Сельские учителя
Венансия Видаль, или старая Венансия, как ее называют ученицы, работает в Гуачочи директором интерната для девочек-индианок. Она принимает меня, сидя за сосновым столом, спиной к окну. Через окно видна поросшая травой улица, остроконечная крыша дома учителя музыки, а вдали — темные кроны сосен. Рядом с учительницей сидят ее ученицы; девушки вышивают скатерти, вяжут шерстяные жакетки, раскраивают ткани для своих платьев. Швейные машинки, полученные во времена генерала Карденаса[1], наполняют комнату шумом.
- Вы не можете себе представить, в каком виде поступают девочки в интернат,— говорит мне старая Венансия.— Зимой они приходят босые, в рваных юбках и дырявых рубашках. Они похожи на испуганных котят; не поднимают взгляда от пола, отказываются играть, а некоторые объявляют настоящие голодовки. Одна девушка отказывалась есть в течение четырех дней, и мы были вынуждены отправить ее домой.
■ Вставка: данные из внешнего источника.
lemma visit_sums:
  assumes pol: "is_policy JA pol" and d0: "is_distr UNIV d0"
  shows "(\<lambda>t. g ^ t * (\<Sum>s\<in>UNIV. sd pol d0 t s * f s)) sums (\<Sum>s\<in>UNIV. visit P JA g d0 pol s * f s)"
proof -
  have "(\<lambda>t. g ^ t * sd pol d0 t s) sums visit P JA g d0 pol s" for s
  proof -
    have "\<bar>sd pol d0 t s\<bar> \<le> 1" for t
      using is_distr_state_dist[OF pol d0, of t] member_le_sum[of s UNIV "sd pol d0 t"]
      by (auto simp: is_distr_def)
    then show ?thesis unfolding visit_def by (intro summable_sums summable_discounted)
  qed
  then have "(\<lambda>t. \<Sum>s\<in>UNIV. g ^ t * sd pol d0 t s * f s) sums (\<Sum>s\<in>UNIV. visit P JA g d0 pol s * f s)"
    by (intro sums_sum sums_mult2)
  then show ?thesis by (simp add: sum_distrib_left mult.assoc)
qed

lemma l1_dist_step_le:
  assumes mu: "is_distr UNIV mu" and pol': "is_policy JA pol'"
  shows "(\<Sum>u\<in>UNIV. \<bar>step pol' mu' u - step pol mu u\<bar>)
         \<le> (\<Sum>s\<in>UNIV. \<bar>mu' s - mu s\<bar>) + (\<Sum>s\<in>UNIV. mu s * (\<Sum>a\<in>JA. \<bar>pol' s a - pol s a\<bar>))"
proof -
  define F where "F s a = (mu' s - mu s) * pol' s a + mu s * (pol' s a - pol s a)" for s a
  have F_le: "\<bar>F s a\<bar> \<le> \<bar>mu' s - mu s\<bar> * pol' s a + mu s * \<bar>pol' s a - pol s a\<bar>" if "a \<in> JA" for s a
    using mu pol' that unfolding F_def
    by (intro order_trans[OF abs_triangle_ineq]) (simp add: is_distr_def is_policy_def abs_mult)
  have "(\<Sum>u\<in>UNIV. \<bar>step pol' mu' u - step pol mu u\<bar>)
      = (\<Sum>u\<in>UNIV. \<bar>\<Sum>s\<in>UNIV. \<Sum>a\<in>JA. F s a * P s a u\<bar>)"
    by (simp add: step_def F_def sum_subtractf[symmetric] algebra_simps)
  also have "\<dots> \<le> (\<Sum>u\<in>UNIV. \<Sum>s\<in>UNIV. \<Sum>a\<in>JA. \<bar>F s a * P s a u\<bar>)"
    by (intro sum_mono) (rule order_trans[OF sum_abs sum_mono[OF sum_abs]])
  also have "\<dots> = (\<Sum>u\<in>UNIV. \<Sum>s\<in>UNIV. \<Sum>a\<in>JA. \<bar>F s a\<bar> * P s a u)"
    using P_distr by (simp add: is_distr_def abs_mult)
  also have "\<dots> = (\<Sum>s\<in>UNIV. \<Sum>a\<in>JA. \<Sum>u\<in>UNIV. \<bar>F s a\<bar> * P s a u)"
    by (subst sum.swap) (rule sum.cong[OF refl], rule sum.swap)
  also have "\<dots> = (\<Sum>s\<in>UNIV. \<Sum>a\<in>JA. \<bar>F s a\<bar>)"
    using P_distr by (simp add: is_distr_def flip: sum_distrib_left)
  also have "\<dots> \<le> (\<Sum>s\<in>UNIV. \<Sum>a\<in>JA. \<bar>mu' s - mu s\<bar> * pol' s a + mu s * \<bar>pol' s a - pol s a\<bar>)"
    by (intro sum_mono F_le)
  also have "\<dots> = (\<Sum>s\<in>UNIV. \<bar>mu' s - mu s\<bar>) + (\<Sum>s\<in>UNIV. mu s * (\<Sum>a\<in>JA. \<bar>pol' s a - pol s a\<bar>))"
    using pol' by (simp add: sum.distrib is_policy_def flip: sum_distrib_left)
  finally show ?thesis .
qed
(* Let the existence, consistency and well-configuredness assumptions below hold. Suppose $f(x)=\sum_{i=1}^m f_i(x_i)$ is strictly convex on $\mathbb{R}^{mn}$ and each $f_i$ is convex for all $i\in\mathcal{V}$. Then for any given $x(0)$, the distributed update $$\dot{x}_i(t) = -\nabla f_i(x_i(t)) - \sum_{j\in\mathcal{N}_i} P_{ij}(\lambda_i(t)-\lambda_j(t)) - \sum_{j\in\mathcal{N}_i} P_{ij}(x_i(t)-x_j(t)-\bar b_{ij}),\qquad \dot{\lambda}_i(t) = \sum_{j\in\mathcal{N}_i} P_{ij}(x_i(t)-x_j(t)-\bar b_{ij}),$$ with $P_{ij} = A_{ij}'(A_{ij}A_{ij}')^{-1}A_{ij}$ and $\bar b_{ij} = A_{ij}'(A_{ij}A_{ij}')^{-1}b_{ij}$, drives each $x_i(t)$ to converge asymptotically to a constant $x_i^*$, $i\in\mathcal{V}$, such that $(x_1^*,\dots,x_m^* )$ solves $$\min_{x_1,\dots,x_m}\ \sum_{i=1}^m f_i(x_i)\quad \text{s.t.}\quad A_{ij}(x_i-x_j)=b_{ij},\ \forall (i,j)\in\mathcal{E}.$$
   Context: A multi-agent system of $m$ agents $\mathcal{V}=\{1,\dots,m\}$; agent $i$ is a single integrator with state $x_i\in\mathbb{R}^n$ and communicates bidirectionally with neighbors $\mathcal{N}_i$ ($i\notin\mathcal{N}_i$); $\mathbb{G}=\{\mathcal{V},\mathcal{E}\}$ is the undirected graph with $\bar m=|\mathcal{E}|$ edges. Each $f_i:\mathbb{R}^n\to\mathbb{R}$ is continuously differentiable and convex, known only to agent $i$. $A_{ij}\in\mathbb{R}^{d_{ij}\times n}$, $b_{ij}\in\mathbb{R}^{d_{ij}}$ are constant, known to agent $i$ (with $A_{ij}A_{ij}'$ invertible). $x=\mathrm{col}\{x_1,\dots,x_m\}$, $\lambda=\mathrm{col}\{\lambda_1,\dots,\lambda_m\}\in\mathbb{R}^{mn}$ are Lagrange multipliers. Let $H\in\mathbb{R}^{\bar m\times m}$ be the oriented incidence matrix of $\mathbb{G}$ (orientations consistent with the $b_{ij}$), $\bar H = H\otimes I_n$, $\bar P=\mathrm{diag}\{P_{i_1j_1},\dots,P_{i_{\bar m}j_{\bar m}}\}$, $\bar b = \mathrm{col}\{\bar b_{i_1j_1},\dots,\bar b_{i_{\bar m}j_{\bar m}}\}$ where $(i_l,j_l)$ is the $l$-th edge. Assumptions: (Existence) the optimization problem has at least one solution satisfying the edge agreements; (Consistency) $A_{ij}=A_{ji}$, $b_{ij}=-b_{ji}$ for all $(i,j)\in\mathcal{E}$; (Well-configured) $\mathbb{G}$ is connected and $\ker \bar H' \cap \mathrm{image}\,\bar P = \{0\}$. The update is the saddle-point (gradient descent in $x$, ascent in $\lambda$) dynamics of the augmented Lagrangian $F(x,\lambda)=f(x)+\lambda'\bar H'\bar P(\bar Hx-\bar b)+\tfrac12\|\bar P(\bar Hx-\bar b)\|^2$. *)

theory Defs
  imports "HOL-Analysis.Analysis" "Jordan_Normal_Form.Matrix"
begin

text \<open>An agent's constraint matrix A_ij in R^(d x n) is given by its list of d rs
  (each row a vector in R^n, represented as real^'n); b_ij in R^d is a list of length d.\<close>

definition Amul :: "(real^'n) list \<Rightarrow> real^'n \<Rightarrow> real list" where
  "Amul rs x = map (\<lambda>r. inner r x) rs"

definition ATmul :: "(real^'n) list \<Rightarrow> real list \<Rightarrow> real^'n" where
  "ATmul rs c = (\<Sum>k<length rs. (c ! k) *\<^sub>R (rs ! k))"

definition gram :: "(real^'n) list \<Rightarrow> real mat" where
  "gram rs = mat (length rs) (length rs) (\<lambda>(k,l). inner (rs ! k) (rs ! l))"

text \<open>(A A')^{-1} (well defined when A A' is invertible).\<close>
definition gram_inv :: "(real^'n) list \<Rightarrow> real mat" where
  "gram_inv rs = (THE M. M \<in> carrier_mat (length rs) (length rs) \<and>
      gram rs * M = 1\<^sub>m (length rs) \<and> M * gram rs = 1\<^sub>m (length rs))"

definition Ginv_mul :: "(real^'n) list \<Rightarrow> real list \<Rightarrow> real list" where
  "Ginv_mul rs c = map (\<lambda>k. \<Sum>l<length rs. gram_inv rs $$ (k,l) * c ! l) [0..<length rs]"

definition Pmul :: "(real^'n) list \<Rightarrow> real^'n \<Rightarrow> real^'n" where
  "Pmul rs x = ATmul rs (Ginv_mul rs (Amul rs x))"

definition bbar :: "(real^'n) list \<Rightarrow> real list \<Rightarrow> real^'n" where
  "bbar rs b = ATmul rs (Ginv_mul rs b)"

definition strict_convex_fun :: "('a::real_vector \<Rightarrow> real) \<Rightarrow> bool" where
  "strict_convex_fun f \<longleftrightarrow> (\<forall>x y u. x \<noteq> y \<and> 0 < u \<and> u < 1 \<longrightarrow>
      f (u *\<^sub>R x + (1 - u) *\<^sub>R y) < u * f x + (1 - u) * f y)"

definition connected_graph :: "('v \<Rightarrow> 'v \<Rightarrow> bool) \<Rightarrow> bool" where
  "connected_graph adj \<longleftrightarrow> (\<forall>i j. adj\<^sup>*\<^sup>* i j)"

definition orientation :: "('v \<Rightarrow> 'v \<Rightarrow> bool) \<Rightarrow> ('v \<times> 'v) list \<Rightarrow> bool" where
  "orientation adj es \<longleftrightarrow> distinct es \<and> (\<forall>(i,j)\<in>set es. adj i j) \<and>
     (\<forall>i j. adj i j \<longrightarrow> ((i,j) \<in> set es \<or> (j,i) \<in> set es)) \<and>
     (\<forall>i j. \<not> ((i,j) \<in> set es \<and> (j,i) \<in> set es))"

definition incidence :: "('v \<times> 'v) list \<Rightarrow> nat \<Rightarrow> 'v \<Rightarrow> real" where
  "incidence es l v = (if v = fst (es ! l) then 1 else if v = snd (es ! l) then -1 else 0)"

text \<open>ker (H \<otimes> I_n)' \<inter> image Pbar = {0}, where y = col{y_1,...,y_mbar} in R^(mbar n),
  Pbar = diag{P_{i_1 j_1},...}, and ((H \<otimes> I_n)' y)_v = \<Sum>_l H l v y_l.\<close>
definition well_configured ::
  "('v::finite \<times> 'v) list \<Rightarrow> ('v \<Rightarrow> 'v \<Rightarrow> (real^'n) list) \<Rightarrow> bool" where
  "well_configured es A \<longleftrightarrow> (\<forall>y :: nat \<Rightarrow> real^'n.
      (\<forall>l<length es. y l \<in> range (Pmul (A (fst (es!l)) (snd (es!l))))) \<and>
      (\<forall>v. (\<Sum>l<length es. incidence es l v *\<^sub>R y l) = 0)
      \<longrightarrow> (\<forall>l<length es. y l = 0))"

definition feasible ::
  "('v \<Rightarrow> 'v \<Rightarrow> bool) \<Rightarrow> ('v \<Rightarrow> 'v \<Rightarrow> (real^'n) list) \<Rightarrow> ('v \<Rightarrow> 'v \<Rightarrow> real list)
    \<Rightarrow> ('v \<Rightarrow> real^'n) \<Rightarrow> bool" where
  "feasible adj A b x \<longleftrightarrow> (\<forall>i j. adj i j \<longrightarrow> Amul (A i j) (x i - x j) = b i j)"

definition solves_problem ::
  "('v::finite \<Rightarrow> real^'n \<Rightarrow> real) \<Rightarrow> ('v \<Rightarrow> 'v \<Rightarrow> bool) \<Rightarrow> ('v \<Rightarrow> 'v \<Rightarrow> (real^'n) list)
    \<Rightarrow> ('v \<Rightarrow> 'v \<Rightarrow> real list) \<Rightarrow> ('v \<Rightarrow> real^'n) \<Rightarrow> bool" where
  "solves_problem f adj A b x \<longleftrightarrow> feasible adj A b x \<and>
     (\<forall>y. feasible adj A b y \<longrightarrow> (\<Sum>i\<in>UNIV. f i (x i)) \<le> (\<Sum>i\<in>UNIV. f i (y i)))"

end

theory Submission
  imports Defs
begin

(* Let xs be a solution, G the gradient map of f = sum_i f_i and L = H' P H, which is
   self-adjoint and positive semidefinite. Moving xs along ker L keeps every edge constraint
   satisfied, so by minimality G xs is orthogonal to ker L and hence lies in the range of L:
   there is a Lagrange multiplier ls with G xs + L ls = 0. In the shifted variables
   e = x - xs and m = lambda - ls the update reads
     e' = - (G x - G xs) - L m - L e,    m' = L e,
   so V = |e|^2 + |m|^2 satisfies V' = - 2 <e, G x - G xs> - 2 <e, L e> <= 0, the cross terms
   cancelling by self-adjointness. Hence the trajectory stays bounded and x is uniformly
   continuous, and since strict convexity makes <e, G x - G xs> positive away from xs, a
   Barbalat-type argument forces x(t) to converge to xs. *)

lemma gram_inv_right_inverse:
  assumes "invertible_mat (gram rs)"
  shows "gram_inv rs \<in> carrier_mat (length rs) (length rs)"
    and "gram rs * gram_inv rs = 1\<^sub>m (length rs)"
proof -
  let ?d = "length rs" and ?G = "gram rs"
  have G: "?G \<in> carrier_mat ?d ?d" by (simp add: gram_def)
  obtain B where GB: "?G * B = 1\<^sub>m ?d" and BG: "B * ?G = 1\<^sub>m (dim_row B)"
    using assms G unfolding invertible_mat_def inverts_mat_def by auto
  have B: "B \<in> carrier_mat ?d ?d"
    using GB BG G by (metis carrier_matD(2) carrier_matI index_mult_mat(3) index_one_mat(3))
  have "gram_inv rs = B"
    unfolding gram_inv_def
  proof (rule the_equality)
    show "B \<in> carrier_mat ?d ?d \<and> ?G * B = 1\<^sub>m ?d \<and> B * ?G = 1\<^sub>m ?d"
      using B GB BG by auto
    fix M assume M: "M \<in> carrier_mat ?d ?d \<and> ?G * M = 1\<^sub>m ?d \<and> M * ?G = 1\<^sub>m ?d"
    then have "M = M * (?G * B)" using GB right_mult_one_mat[of M ?d ?d] by simp
    also have "\<dots> = (M * ?G) * B" by (rule assoc_mult_mat[symmetric]) (use M G B in auto)
    also have "\<dots> = B" using M B by simp
    finally show "M = B" .
  qed
  then show "gram_inv rs \<in> carrier_mat ?d ?d" and "?G * gram_inv rs = 1\<^sub>m ?d"
    using B GB by simp_all
qed

lemma Pmul_eq_sum:
  "Pmul rs x = (\<Sum>k<length rs. (\<Sum>l<length rs. gram_inv rs $$ (k, l) * inner (rs ! l) x) *\<^sub>R rs ! k)"
  by (simp add: Pmul_def ATmul_def Ginv_mul_def Amul_def)

lemma bounded_linear_Pmul: "bounded_linear (Pmul rs)"
  unfolding Pmul_eq_sum[abs_def]
  by (intro bounded_linear_sum bounded_linear_compose[OF bounded_linear_scaleR_left]
      bounded_linear_compose[OF bounded_linear_mult_right] bounded_linear_inner_right)

lemma linear_Pmul: "linear (Pmul rs)"
  using bounded_linear_Pmul by (rule bounded_linear.linear)

lemma inner_row_Pmul:
  assumes "invertible_mat (gram rs)" and "r \<in> set rs"
  shows "inner r (Pmul rs x) = inner r x"
proof -
  let ?d = "length rs" and ?M = "gram_inv rs"
  obtain k where k: "k < ?d" "r = rs ! k" using assms(2) by (auto simp: in_set_conv_nth)
  have GM: "(\<Sum>m<?d. inner (rs ! k) (rs ! m) * ?M $$ (m, l)) = (if k = l then 1 else 0)"
    if l: "l < ?d" for l
  proof -
    have "(gram rs * ?M) $$ (k, l) = (\<Sum>m<?d. inner (rs ! k) (rs ! m) * ?M $$ (m, l))"
      using gram_inv_right_inverse(1)[OF assms(1)] k l
      by (simp add: scalar_prod_def gram_def lessThan_atLeast0)
    then show ?thesis using gram_inv_right_inverse(2)[OF assms(1)] k l by simp
  qed
  have "inner (rs ! k) (Pmul rs x)
      = (\<Sum>m<?d. inner (rs ! k) (rs ! m) * (\<Sum>l<?d. ?M $$ (m, l) * inner (rs ! l) x))"
    by (simp add: Pmul_eq_sum inner_sum_right mult.commute)
  also have "\<dots> = (\<Sum>l<?d. (\<Sum>m<?d. inner (rs ! k) (rs ! m) * ?M $$ (m, l)) * inner (rs ! l) x)"
    by (simp add: sum_distrib_left sum_distrib_right mult.assoc) (rule sum.swap)
  also have "\<dots> = (\<Sum>l<?d. if k = l then inner (rs ! l) x else 0)"
    by (intro sum.cong) (simp_all add: GM)
  also have "\<dots> = inner (rs ! k) x" using k by simp
  finally show ?thesis using k by simp
qed

lemma Pmul_in_span: "Pmul rs x \<in> span (set rs)"
  unfolding Pmul_eq_sum by (intro span_sum span_scale span_base) simp

text \<open>By the two facts above, \<^term>\<open>Pmul rs\<close> is the orthogonal projection onto
  \<^term>\<open>span (set rs)\<close>.\<close>

lemma inner_Pmul_eq_inner_Pmul_Pmul:
  assumes "invertible_mat (gram rs)"
  shows "inner u (Pmul rs x) = inner (Pmul rs u) (Pmul rs x)"
proof -
  have "Linear_Algebra.orthogonal (u - Pmul rs u) (Pmul rs x)"
    using Pmul_in_span by (rule orthogonal_to_span)
      (simp add: Linear_Algebra.orthogonal_def inner_diff_right inner_commute
        inner_row_Pmul[OF assms])
  then show ?thesis by (simp add: Linear_Algebra.orthogonal_def inner_diff_left)
qed

lemma inner_Pmul_commute:
  assumes "invertible_mat (gram rs)"
  shows "inner u (Pmul rs x) = inner (Pmul rs u) x"
  using inner_Pmul_eq_inner_Pmul_Pmul[OF assms, of u x]
    inner_Pmul_eq_inner_Pmul_Pmul[OF assms, of x u]
  by (simp add: inner_commute)

lemma inner_Pmul_self:
  assumes "invertible_mat (gram rs)"
  shows "inner x (Pmul rs x) = (norm (Pmul rs x))\<^sup>2"
  using inner_Pmul_eq_inner_Pmul_Pmul[OF assms, of x x] by (simp add: power2_norm_eq_inner)

lemma Pmul_eq_0_imp_orthogonal_rows:
  assumes "invertible_mat (gram rs)" and "Pmul rs x = 0" and "r \<in> set rs"
  shows "inner r x = 0"
  using inner_row_Pmul[OF assms(1,3), of x] assms(2) by simp
(* Let $a$ be a positive real number and $k\in\mathbb{N}$, and assume the integrals below converge. Then \[ \lim_{k\to\infty}\int_{[0,\infty)^{2k}}\frac{\cos\left(\sum_{n=1}^{2k}(-1)^{n+1}x_n\right)}{\sum_{n=1}^k\frac{x_{2n}}{a+n-1}+\sum_{n=1}^k\frac{x_{2n-1}}{a+n-1}}\prod_{n=1}^{2k}dx_n=\frac{1}{2}\sqrt{\pi}\,\frac{\Gamma\left(a+\frac12\right)}{\Gamma(a)}, \] and, for every $k\in\mathbb{N}$, \[ \int_{[0,\infty)^{2k}}\frac{\sin\left(\sum_{n=1}^{2k}(-1)^{n+1}x_n\right)}{\sum_{n=1}^k\frac{x_{2n}}{a+n-1}+\sum_{n=1}^k\frac{x_{2n-1}}{a+n-1}}\prod_{n=1}^{2k}dx_n=0. \]
   Context: $\Gamma$ denotes Euler's gamma function. *)

theory Defs
  imports "HOL-Analysis.Analysis" "HOL-Probability.Probability"
begin

text \<open>Points of [0,oo)^(2k) are functions x :: nat => real, coordinates x 0, ..., x (2k-1)
  (0-indexed: x_n of the paper is x (n-1)).\<close>

definition num_arg :: "nat \<Rightarrow> (nat \<Rightarrow> real) \<Rightarrow> real" where
  "num_arg k x = (\<Sum>i<2*k. (-1)^i * x i)"

definition denom :: "real \<Rightarrow> nat \<Rightarrow> (nat \<Rightarrow> real) \<Rightarrow> real" where
  "denom a k x = (\<Sum>m<k. x (2*m+1) / (a + real m)) + (\<Sum>m<k. x (2*m) / (a + real m))"

definition cos_integrand :: "real \<Rightarrow> nat \<Rightarrow> (nat \<Rightarrow> real) \<Rightarrow> real" where
  "cos_integrand a k x = cos (num_arg k x) / denom a k x"

definition sin_integrand :: "real \<Rightarrow> nat \<Rightarrow> (nat \<Rightarrow> real) \<Rightarrow> real" where
  "sin_integrand a k x = sin (num_arg k x) / denom a k x"

definition cube :: "nat \<Rightarrow> real \<Rightarrow> (nat \<Rightarrow> real) measure" where
  "cube k R = PiM {..<2*k} (\<lambda>_. restrict_space lborel {0..R})"

text \<open>Improper integral over [0,oo)^(2k): limit of the integrals over [0,R]^(2k), R -> oo.\<close>
definition improper_convergent :: "nat \<Rightarrow> ((nat \<Rightarrow> real) \<Rightarrow> real) \<Rightarrow> bool" where
  "improper_convergent k f \<longleftrightarrow>
     (\<forall>R\<ge>0. integrable (cube k R) f) \<and>
     (\<exists>L. ((\<lambda>R. integral\<^sup>L (cube k R) f) \<longlongrightarrow> L) at_top)"

definition improper_integral :: "nat \<Rightarrow> ((nat \<Rightarrow> real) \<Rightarrow> real) \<Rightarrow> real" where
  "improper_integral k f = Lim at_top (\<lambda>R. integral\<^sup>L (cube k R) f)"

end

theory Submission
  imports Defs "HOL-Real_Asymp.Real_Asymp"
begin

text \<open>
  Write \<open>cos \<theta> / D + \<i> sin \<theta> / D = exp (\<i>\<theta>) / D\<close> and \<open>1 / D = \<integral>\<^sub>0\<^sup>\<infinity> exp (- t D) dt\<close>.
  Both \<open>\<theta>\<close> and \<open>D\<close> are linear in \<open>x\<close>, so for fixed \<open>t\<close> the integral of \<open>exp (\<i>\<theta> - t D)\<close>
  over \<open>[0,R]\<^sup>2\<^sup>k\<close> factorises into one-dimensional integrals. The coordinates \<open>x (2m)\<close> and
  \<open>x (2m+1)\<close> carry the conjugate exponents \<open>\<plusminus>\<i> - t/(a+m)\<close>, so the product is the nonnegative
  real number \<open>\<Prod>m<k. \<bar>\<integral>\<^sub>0\<^sup>R exp ((\<i> - t/(a+m)) y) dy\<bar>\<^sup>2\<close>. Hence the sine integral vanishes,
  and the cosine integral over the cube is the integral of this kernel over \<open>t \<ge> 0\<close>; as
  \<open>R \<rightarrow> \<infinity>\<close> it tends to \<open>\<integral>\<^sub>0\<^sup>\<infinity> \<Prod>m<k. 1 / (1 + (t/(a+m))\<^sup>2) dt\<close>. A partial-fraction
  recursion in \<open>k\<close> evaluates this as \<open>\<pi>/2 \<cdot> (a)\<^sub>k (1/2)\<^sub>k\<^sub>-\<^sub>1 / ((a+1/2)\<^sub>k\<^sub>-\<^sub>1 (k-1)!)\<close>,
  and Gauss's product formula for \<open>\<Gamma>\<close> gives its limit as \<open>k \<rightarrow> \<infinity>\<close>.
\<close>

section \<open>Integrals of products of Lorentzians\<close>

definition lorentz_weight :: "real \<Rightarrow> nat \<Rightarrow> real \<Rightarrow> real" where
  "lorentz_weight a k t = (\<Prod>m<k. 1 / (1 + (t / (a + real m))^2))"

definition lorentz_integral :: "real \<Rightarrow> nat \<Rightarrow> real" where
  "lorentz_integral a n =
     pi / 2 * pochhammer a (Suc n) * pochhammer (1/2) n / (pochhammer (a + 1/2) n * fact n)"

lemma lorentz_weight_nonneg: "0 \<le> lorentz_weight a k t"
  unfolding lorentz_weight_def by (intro prod_nonneg) (simp add: add_pos_nonneg)

lemma measurable_lorentz_weight [measurable]: "lorentz_weight a k \<in> borel_measurable borel"
  unfolding lorentz_weight_def by measurable

lemma lorentz_weight_antimono:
  assumes "m \<le> k"
  shows "lorentz_weight a k t \<le> lorentz_weight a m t"
  using assms
proof (induction k rule: dec_induct)
  case (step k)
  have "lorentz_weight a (Suc k) t = lorentz_weight a k t * (1 / (1 + (t / (a + real k))^2))"
    by (simp add: lorentz_weight_def)
  also have "\<dots> \<le> lorentz_weight a k t"
    by (rule mult_left_le) (simp_all add: lorentz_weight_nonneg divide_le_eq_1 add_pos_nonneg)
  finally show ?case using step.IH by simp
qed simp

lemma lorentz_weight_Suc_Suc:
  fixes a t :: real
  assumes a: "a > 0"
  shows "(real n + 1) * (2 * a + real n + 1) * lorentz_weight a (Suc (Suc n)) t
       = (a + real n + 1)^2 * lorentz_weight a (Suc n) t - a^2 * lorentz_weight (a + 1) (Suc n) t"
proof -
  define Q u v where "Q = lorentz_weight (a + 1) n t"
    and "u = 1 + (t / a)^2" and "v = 1 + (t / (a + real n + 1))^2"
  have "u > 0" "v > 0" unfolding u_def v_def by (simp_all add: add_pos_nonneg)
  have Suc: "lorentz_weight a (Suc n) t = Q / u"
    unfolding lorentz_weight_def Q_def u_def by (subst prod.lessThan_Suc_shift) (simp add: add_ac)
  then have Suc_Suc: "lorentz_weight a (Suc (Suc n)) t = Q / u / v"
    unfolding lorentz_weight_def v_def by (simp add: add_ac)
  have shift: "lorentz_weight (a + 1) (Suc n) t = Q / v"
    unfolding lorentz_weight_def Q_def v_def by (simp add: add_ac)
  have "(a + real n + 1)^2 * v = (a + real n + 1)^2 + t^2" "a^2 * u = a^2 + t^2"
    unfolding u_def v_def using a by (simp_all add: field_simps)
  then have "(a + real n + 1)^2 * v - a^2 * u = (real n + 1) * (2 * a + real n + 1)"
    by (simp add: power2_eq_square algebra_simps)
  moreover have "(a + real n + 1)^2 * (Q / u) - a^2 * (Q / v) = ((a + real n + 1)^2 * v - a^2 * u) * (Q / u / v)"
    using \<open>u > 0\<close> \<open>v > 0\<close> by (simp add: field_simps)
  ultimately show ?thesis
    unfolding Suc Suc_Suc shift by simp
qed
Когда между «новенькими» начинаются ссоры, я говорю себе: дело идет на лад, они спасены.
И действительно, эти девочки спасены. Рассматриваю склонившихся над работой учениц. В их черные косы вплетены цветные шелковые ленты; загрубевшие пальцы крестьянок ловко справляются с иголкой и ножницами, а подобранные под скамьи босые цоги (они не решаются носить туфли в период дождей) подчеркивают девичью застенчивость.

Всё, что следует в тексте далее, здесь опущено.